[Dataset extract — start]

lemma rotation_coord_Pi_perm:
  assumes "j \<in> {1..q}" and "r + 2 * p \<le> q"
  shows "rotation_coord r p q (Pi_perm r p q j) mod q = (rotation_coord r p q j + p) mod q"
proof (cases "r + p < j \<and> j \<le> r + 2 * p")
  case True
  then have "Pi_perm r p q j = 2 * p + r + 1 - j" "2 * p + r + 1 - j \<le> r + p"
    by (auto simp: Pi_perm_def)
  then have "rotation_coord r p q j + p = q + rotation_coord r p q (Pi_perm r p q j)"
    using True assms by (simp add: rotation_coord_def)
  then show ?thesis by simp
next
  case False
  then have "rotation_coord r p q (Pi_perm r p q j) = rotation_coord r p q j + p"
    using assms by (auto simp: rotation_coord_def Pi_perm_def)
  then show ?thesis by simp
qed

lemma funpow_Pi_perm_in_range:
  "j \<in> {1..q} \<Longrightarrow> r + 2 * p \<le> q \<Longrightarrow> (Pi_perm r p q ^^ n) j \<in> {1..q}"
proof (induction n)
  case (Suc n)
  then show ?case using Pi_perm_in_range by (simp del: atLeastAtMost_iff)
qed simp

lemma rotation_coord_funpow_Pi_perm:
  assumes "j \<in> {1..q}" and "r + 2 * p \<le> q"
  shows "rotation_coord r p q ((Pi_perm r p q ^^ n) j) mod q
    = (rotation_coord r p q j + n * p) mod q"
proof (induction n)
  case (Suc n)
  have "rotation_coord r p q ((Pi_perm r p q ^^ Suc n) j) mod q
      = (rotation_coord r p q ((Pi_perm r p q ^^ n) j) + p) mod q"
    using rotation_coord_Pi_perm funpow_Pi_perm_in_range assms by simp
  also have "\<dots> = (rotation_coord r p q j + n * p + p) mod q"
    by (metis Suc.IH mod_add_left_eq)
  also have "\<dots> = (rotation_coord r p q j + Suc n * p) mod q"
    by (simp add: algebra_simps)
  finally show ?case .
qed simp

[Dataset extract — finish]
[Dataset extract — start]

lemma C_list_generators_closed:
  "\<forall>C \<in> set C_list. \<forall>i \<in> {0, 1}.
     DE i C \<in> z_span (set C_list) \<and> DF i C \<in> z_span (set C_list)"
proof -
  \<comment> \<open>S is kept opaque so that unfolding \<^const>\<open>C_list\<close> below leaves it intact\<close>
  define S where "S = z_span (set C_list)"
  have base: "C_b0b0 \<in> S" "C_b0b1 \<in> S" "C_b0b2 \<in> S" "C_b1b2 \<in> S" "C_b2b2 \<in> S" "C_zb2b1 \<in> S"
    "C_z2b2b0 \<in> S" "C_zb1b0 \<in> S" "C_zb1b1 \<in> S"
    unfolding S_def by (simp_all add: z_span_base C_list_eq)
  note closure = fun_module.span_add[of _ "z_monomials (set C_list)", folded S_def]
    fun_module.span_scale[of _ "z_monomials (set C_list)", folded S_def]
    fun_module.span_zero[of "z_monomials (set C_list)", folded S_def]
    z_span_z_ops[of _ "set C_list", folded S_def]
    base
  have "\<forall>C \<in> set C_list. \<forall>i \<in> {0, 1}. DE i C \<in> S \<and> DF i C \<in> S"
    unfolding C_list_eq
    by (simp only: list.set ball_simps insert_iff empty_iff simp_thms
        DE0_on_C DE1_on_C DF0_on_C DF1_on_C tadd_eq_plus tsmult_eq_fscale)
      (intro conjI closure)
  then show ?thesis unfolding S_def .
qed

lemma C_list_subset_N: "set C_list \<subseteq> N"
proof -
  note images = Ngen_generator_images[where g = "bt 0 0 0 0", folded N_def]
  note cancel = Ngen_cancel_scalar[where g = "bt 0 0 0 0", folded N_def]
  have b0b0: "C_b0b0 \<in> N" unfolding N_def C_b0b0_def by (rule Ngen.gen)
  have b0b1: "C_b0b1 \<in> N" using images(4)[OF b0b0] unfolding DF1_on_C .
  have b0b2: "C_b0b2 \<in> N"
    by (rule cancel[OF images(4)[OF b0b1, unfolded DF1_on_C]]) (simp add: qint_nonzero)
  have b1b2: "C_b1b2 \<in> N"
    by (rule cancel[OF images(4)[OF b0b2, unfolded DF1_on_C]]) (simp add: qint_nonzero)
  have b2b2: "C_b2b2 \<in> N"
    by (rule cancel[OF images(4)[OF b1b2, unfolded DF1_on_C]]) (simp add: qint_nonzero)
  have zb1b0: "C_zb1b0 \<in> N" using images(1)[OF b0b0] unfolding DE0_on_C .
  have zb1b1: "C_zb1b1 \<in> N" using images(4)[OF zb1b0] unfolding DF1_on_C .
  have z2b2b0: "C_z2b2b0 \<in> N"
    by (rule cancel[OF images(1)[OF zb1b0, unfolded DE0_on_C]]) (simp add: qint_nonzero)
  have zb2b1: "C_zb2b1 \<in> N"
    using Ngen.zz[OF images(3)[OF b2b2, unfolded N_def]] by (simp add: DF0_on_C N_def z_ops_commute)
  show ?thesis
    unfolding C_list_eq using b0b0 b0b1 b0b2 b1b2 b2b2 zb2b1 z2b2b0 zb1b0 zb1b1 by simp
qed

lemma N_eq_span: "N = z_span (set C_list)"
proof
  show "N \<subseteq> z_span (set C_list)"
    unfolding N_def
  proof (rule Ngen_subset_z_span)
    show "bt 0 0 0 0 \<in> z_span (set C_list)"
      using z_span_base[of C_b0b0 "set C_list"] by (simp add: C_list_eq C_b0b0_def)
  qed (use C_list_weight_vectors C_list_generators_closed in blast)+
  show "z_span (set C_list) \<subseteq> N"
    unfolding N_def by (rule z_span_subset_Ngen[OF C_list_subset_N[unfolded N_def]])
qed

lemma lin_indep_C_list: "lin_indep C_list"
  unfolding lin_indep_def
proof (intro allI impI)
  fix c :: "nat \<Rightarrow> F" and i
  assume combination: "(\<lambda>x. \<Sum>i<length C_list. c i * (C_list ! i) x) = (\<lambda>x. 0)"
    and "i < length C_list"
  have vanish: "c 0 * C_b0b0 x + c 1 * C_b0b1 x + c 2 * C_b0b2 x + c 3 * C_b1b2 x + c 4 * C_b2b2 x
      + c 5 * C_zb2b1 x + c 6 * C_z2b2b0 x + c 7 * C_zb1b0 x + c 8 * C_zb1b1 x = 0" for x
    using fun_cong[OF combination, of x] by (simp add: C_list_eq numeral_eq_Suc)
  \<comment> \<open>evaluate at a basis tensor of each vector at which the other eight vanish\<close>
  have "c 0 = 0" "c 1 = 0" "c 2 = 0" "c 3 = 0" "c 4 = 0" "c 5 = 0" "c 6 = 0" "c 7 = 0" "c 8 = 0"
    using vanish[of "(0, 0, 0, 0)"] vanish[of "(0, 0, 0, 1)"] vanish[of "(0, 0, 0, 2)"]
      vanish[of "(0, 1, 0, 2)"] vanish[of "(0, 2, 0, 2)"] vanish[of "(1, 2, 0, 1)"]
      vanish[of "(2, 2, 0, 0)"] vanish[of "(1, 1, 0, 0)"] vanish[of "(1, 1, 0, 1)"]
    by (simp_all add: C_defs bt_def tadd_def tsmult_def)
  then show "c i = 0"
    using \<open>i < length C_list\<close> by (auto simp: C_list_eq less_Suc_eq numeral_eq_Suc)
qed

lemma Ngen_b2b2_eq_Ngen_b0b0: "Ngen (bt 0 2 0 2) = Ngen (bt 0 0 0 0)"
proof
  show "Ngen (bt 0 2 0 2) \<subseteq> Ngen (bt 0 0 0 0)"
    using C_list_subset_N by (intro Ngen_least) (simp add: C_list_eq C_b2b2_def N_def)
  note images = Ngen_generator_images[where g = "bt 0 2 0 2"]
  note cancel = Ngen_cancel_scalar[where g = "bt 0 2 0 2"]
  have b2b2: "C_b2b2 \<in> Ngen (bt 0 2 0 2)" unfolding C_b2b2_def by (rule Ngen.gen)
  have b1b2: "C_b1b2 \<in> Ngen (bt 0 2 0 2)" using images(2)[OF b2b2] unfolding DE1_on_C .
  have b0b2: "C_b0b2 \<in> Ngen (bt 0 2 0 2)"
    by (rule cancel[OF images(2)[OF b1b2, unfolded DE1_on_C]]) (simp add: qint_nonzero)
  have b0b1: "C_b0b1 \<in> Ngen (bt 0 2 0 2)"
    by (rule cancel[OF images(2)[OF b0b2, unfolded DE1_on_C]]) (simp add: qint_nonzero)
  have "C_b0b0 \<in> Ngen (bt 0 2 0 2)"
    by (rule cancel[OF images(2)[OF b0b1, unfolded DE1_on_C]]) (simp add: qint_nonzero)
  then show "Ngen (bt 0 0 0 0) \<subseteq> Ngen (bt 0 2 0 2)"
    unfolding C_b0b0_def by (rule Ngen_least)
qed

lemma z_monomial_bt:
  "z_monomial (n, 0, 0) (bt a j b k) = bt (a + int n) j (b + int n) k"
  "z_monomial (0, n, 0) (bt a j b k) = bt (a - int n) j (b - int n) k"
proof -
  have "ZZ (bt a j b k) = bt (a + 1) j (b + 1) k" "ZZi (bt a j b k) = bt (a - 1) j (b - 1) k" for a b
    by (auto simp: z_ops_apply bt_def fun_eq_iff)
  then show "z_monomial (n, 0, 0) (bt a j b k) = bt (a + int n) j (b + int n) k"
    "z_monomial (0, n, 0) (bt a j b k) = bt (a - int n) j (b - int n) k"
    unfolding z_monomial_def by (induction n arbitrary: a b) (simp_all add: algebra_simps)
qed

[Dataset extract — finish]
[Dataset extract — start]

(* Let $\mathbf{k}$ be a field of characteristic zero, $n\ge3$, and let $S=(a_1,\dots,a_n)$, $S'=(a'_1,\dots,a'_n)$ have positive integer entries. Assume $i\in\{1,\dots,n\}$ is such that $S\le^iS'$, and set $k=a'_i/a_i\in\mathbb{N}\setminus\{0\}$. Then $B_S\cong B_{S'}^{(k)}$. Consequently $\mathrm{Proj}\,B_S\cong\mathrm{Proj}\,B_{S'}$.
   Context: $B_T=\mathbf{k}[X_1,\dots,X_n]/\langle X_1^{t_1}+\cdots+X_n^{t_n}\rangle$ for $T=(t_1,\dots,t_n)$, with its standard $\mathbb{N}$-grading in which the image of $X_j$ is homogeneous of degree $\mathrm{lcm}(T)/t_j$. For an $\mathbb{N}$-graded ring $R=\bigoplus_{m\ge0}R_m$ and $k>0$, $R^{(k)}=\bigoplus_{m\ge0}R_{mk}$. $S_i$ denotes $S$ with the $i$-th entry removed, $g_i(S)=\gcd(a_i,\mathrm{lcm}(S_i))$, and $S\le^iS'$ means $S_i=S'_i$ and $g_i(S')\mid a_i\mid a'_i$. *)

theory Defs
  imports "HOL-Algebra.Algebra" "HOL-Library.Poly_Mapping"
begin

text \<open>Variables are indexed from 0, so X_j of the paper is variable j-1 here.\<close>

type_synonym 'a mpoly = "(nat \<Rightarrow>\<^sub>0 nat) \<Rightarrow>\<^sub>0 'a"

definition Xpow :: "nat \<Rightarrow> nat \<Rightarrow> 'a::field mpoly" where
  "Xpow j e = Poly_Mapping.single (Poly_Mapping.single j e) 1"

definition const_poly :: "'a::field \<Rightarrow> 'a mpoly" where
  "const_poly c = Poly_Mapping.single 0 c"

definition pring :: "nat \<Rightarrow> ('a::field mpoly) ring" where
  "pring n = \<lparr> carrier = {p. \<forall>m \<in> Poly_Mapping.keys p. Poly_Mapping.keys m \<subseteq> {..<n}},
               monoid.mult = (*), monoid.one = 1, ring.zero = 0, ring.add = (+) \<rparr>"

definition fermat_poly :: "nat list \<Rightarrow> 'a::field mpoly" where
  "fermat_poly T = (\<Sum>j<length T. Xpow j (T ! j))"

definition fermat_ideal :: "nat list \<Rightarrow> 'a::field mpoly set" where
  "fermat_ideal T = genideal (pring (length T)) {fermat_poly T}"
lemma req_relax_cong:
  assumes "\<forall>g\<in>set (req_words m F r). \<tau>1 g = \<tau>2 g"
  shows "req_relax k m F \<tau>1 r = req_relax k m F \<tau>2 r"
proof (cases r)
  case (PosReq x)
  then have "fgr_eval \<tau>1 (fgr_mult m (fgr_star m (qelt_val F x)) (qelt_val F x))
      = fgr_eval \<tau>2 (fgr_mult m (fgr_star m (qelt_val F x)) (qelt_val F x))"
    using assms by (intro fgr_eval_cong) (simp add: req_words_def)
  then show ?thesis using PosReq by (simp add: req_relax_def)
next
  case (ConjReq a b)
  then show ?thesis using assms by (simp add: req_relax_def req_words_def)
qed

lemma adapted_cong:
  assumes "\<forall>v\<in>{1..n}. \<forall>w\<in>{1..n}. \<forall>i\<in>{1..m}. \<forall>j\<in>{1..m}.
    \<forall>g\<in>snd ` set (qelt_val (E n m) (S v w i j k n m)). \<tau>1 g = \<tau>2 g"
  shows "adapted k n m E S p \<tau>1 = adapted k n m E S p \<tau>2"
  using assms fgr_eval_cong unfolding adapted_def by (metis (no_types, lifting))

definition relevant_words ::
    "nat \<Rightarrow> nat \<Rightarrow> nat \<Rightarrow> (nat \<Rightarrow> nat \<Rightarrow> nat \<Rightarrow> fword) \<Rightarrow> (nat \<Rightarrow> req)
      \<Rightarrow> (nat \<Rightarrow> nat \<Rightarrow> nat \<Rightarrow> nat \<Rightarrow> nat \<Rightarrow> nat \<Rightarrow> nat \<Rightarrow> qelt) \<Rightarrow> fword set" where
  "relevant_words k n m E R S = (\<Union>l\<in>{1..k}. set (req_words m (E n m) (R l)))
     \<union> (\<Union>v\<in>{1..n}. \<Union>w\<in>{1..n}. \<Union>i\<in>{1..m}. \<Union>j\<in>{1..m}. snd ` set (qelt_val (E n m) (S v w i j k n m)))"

[Dataset extract — finish]

--- Task directions ---
Report each line in the preceding entries that holds the string "subseteq".

--- Answer ---
lemma C_list_subset_N: "set C_list \<subseteq> N"
  show "N \<subseteq> z_span (set C_list)"
  show "z_span (set C_list) \<subseteq> N"
  show "Ngen (bt 0 2 0 2) \<subseteq> Ngen (bt 0 0 0 0)"
  then show "Ngen (bt 0 0 0 0) \<subseteq> Ngen (bt 0 2 0 2)"
  "pring n = \<lparr> carrier = {p. \<forall>m \<in> Poly_Mapping.keys p. Poly_Mapping.keys m \<subseteq> {..<n}},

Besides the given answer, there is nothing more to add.